Task brief: Nothing outside the range is wanted. Repeat exactly the lines below from the one with "generate (Gmn m" through the one with "comm_group (G Mod N)".

Items from a dataset:
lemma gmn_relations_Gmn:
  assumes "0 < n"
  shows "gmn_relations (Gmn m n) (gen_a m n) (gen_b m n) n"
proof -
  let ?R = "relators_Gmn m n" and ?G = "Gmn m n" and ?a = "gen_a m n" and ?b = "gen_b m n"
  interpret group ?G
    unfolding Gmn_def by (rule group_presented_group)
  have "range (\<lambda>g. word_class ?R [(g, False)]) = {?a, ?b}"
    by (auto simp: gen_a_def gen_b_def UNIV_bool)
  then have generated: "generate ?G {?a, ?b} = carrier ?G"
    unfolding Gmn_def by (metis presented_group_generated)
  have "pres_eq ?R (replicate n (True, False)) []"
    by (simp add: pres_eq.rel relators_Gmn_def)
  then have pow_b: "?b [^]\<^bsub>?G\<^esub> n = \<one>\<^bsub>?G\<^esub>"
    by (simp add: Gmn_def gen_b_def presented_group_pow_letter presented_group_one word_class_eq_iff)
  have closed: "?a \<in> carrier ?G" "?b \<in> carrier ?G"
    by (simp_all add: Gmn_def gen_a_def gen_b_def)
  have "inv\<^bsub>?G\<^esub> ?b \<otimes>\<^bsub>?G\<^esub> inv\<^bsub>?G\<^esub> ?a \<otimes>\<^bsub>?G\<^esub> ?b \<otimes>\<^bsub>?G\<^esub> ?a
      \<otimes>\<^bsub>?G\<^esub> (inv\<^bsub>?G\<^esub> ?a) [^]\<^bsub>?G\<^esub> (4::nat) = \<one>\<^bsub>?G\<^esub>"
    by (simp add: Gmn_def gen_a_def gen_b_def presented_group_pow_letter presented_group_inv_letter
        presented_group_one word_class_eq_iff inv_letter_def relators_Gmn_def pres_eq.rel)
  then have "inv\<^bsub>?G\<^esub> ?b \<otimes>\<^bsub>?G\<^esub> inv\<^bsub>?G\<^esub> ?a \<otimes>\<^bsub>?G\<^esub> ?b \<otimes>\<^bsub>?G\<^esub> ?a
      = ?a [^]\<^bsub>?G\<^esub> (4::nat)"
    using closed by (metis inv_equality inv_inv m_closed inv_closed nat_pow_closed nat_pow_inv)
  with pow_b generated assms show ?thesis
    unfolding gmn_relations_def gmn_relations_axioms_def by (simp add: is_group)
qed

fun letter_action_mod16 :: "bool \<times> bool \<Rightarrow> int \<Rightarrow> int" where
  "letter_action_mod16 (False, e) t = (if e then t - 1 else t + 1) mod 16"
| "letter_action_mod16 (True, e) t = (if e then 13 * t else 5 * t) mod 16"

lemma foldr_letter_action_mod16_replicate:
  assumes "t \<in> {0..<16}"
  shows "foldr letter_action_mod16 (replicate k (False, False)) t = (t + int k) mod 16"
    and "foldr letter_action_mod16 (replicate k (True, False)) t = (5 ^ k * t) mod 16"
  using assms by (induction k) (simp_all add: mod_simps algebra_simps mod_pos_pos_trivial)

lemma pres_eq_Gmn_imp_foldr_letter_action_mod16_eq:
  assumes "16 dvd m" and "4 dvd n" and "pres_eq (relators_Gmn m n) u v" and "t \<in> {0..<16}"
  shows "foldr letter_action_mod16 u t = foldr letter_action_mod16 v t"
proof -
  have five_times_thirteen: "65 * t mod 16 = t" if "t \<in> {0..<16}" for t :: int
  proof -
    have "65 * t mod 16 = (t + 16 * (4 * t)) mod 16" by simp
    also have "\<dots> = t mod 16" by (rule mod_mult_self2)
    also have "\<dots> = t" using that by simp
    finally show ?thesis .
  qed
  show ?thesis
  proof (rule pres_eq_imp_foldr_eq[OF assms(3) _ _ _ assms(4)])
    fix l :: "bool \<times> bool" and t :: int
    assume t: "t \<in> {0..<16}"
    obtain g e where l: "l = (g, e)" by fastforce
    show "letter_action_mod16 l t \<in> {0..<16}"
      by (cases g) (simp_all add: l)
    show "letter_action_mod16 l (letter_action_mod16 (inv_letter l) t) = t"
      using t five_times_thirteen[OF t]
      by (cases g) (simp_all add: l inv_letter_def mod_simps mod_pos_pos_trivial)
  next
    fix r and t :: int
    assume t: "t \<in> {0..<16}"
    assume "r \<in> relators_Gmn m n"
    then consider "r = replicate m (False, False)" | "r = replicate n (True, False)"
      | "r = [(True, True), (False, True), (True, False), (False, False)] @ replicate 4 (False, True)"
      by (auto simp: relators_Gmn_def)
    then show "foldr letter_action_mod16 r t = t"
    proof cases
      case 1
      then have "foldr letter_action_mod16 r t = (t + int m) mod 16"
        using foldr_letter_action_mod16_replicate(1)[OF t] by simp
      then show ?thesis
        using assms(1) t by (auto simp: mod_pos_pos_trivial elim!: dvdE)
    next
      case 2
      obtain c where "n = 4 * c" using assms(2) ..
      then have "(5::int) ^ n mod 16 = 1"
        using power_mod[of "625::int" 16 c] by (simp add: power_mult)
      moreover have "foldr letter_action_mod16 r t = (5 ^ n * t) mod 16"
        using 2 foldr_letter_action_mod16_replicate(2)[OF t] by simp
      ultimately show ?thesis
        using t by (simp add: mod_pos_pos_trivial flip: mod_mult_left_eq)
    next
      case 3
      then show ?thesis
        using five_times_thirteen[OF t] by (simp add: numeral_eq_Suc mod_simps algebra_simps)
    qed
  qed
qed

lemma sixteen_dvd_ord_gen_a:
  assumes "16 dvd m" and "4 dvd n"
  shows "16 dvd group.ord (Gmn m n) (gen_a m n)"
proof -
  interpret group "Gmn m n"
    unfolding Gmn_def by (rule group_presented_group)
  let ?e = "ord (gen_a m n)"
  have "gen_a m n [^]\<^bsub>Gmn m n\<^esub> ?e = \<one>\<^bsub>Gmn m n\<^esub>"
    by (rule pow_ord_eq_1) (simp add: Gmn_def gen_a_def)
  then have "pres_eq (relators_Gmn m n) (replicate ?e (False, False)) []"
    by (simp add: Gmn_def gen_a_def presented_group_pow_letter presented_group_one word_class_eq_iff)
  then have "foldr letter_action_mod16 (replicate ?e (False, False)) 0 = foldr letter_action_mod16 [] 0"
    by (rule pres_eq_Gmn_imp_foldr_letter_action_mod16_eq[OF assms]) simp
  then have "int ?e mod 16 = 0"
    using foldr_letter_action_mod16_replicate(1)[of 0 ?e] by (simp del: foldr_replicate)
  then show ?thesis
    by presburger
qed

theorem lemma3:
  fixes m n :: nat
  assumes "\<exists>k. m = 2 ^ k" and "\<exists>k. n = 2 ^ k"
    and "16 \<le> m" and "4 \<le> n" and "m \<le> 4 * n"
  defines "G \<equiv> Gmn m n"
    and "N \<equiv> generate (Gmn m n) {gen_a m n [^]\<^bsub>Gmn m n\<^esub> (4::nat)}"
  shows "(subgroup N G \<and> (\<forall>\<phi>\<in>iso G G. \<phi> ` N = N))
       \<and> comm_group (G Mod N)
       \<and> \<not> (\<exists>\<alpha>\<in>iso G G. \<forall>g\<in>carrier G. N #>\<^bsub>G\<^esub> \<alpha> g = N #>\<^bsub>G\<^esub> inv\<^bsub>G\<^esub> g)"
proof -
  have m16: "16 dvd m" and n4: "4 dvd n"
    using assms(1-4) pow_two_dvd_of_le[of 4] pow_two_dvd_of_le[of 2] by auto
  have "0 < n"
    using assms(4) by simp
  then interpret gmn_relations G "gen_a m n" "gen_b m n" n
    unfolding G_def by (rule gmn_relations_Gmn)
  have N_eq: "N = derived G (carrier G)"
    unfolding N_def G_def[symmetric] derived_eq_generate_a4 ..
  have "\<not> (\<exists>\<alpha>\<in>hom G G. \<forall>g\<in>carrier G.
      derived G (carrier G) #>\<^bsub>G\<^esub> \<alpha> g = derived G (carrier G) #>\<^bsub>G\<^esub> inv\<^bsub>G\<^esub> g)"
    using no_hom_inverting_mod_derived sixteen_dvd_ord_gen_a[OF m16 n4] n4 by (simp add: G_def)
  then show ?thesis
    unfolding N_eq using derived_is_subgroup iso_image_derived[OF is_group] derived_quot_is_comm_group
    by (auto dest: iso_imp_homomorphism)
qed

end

Response box:
    and "N \<equiv> generate (Gmn m n) {gen_a m n [^]\<^bsub>Gmn m n\<^esub> (4::nat)}"
  shows "(subgroup N G \<and> (\<forall>\<phi>\<in>iso G G. \<phi> ` N = N))
       \<and> comm_group (G Mod N)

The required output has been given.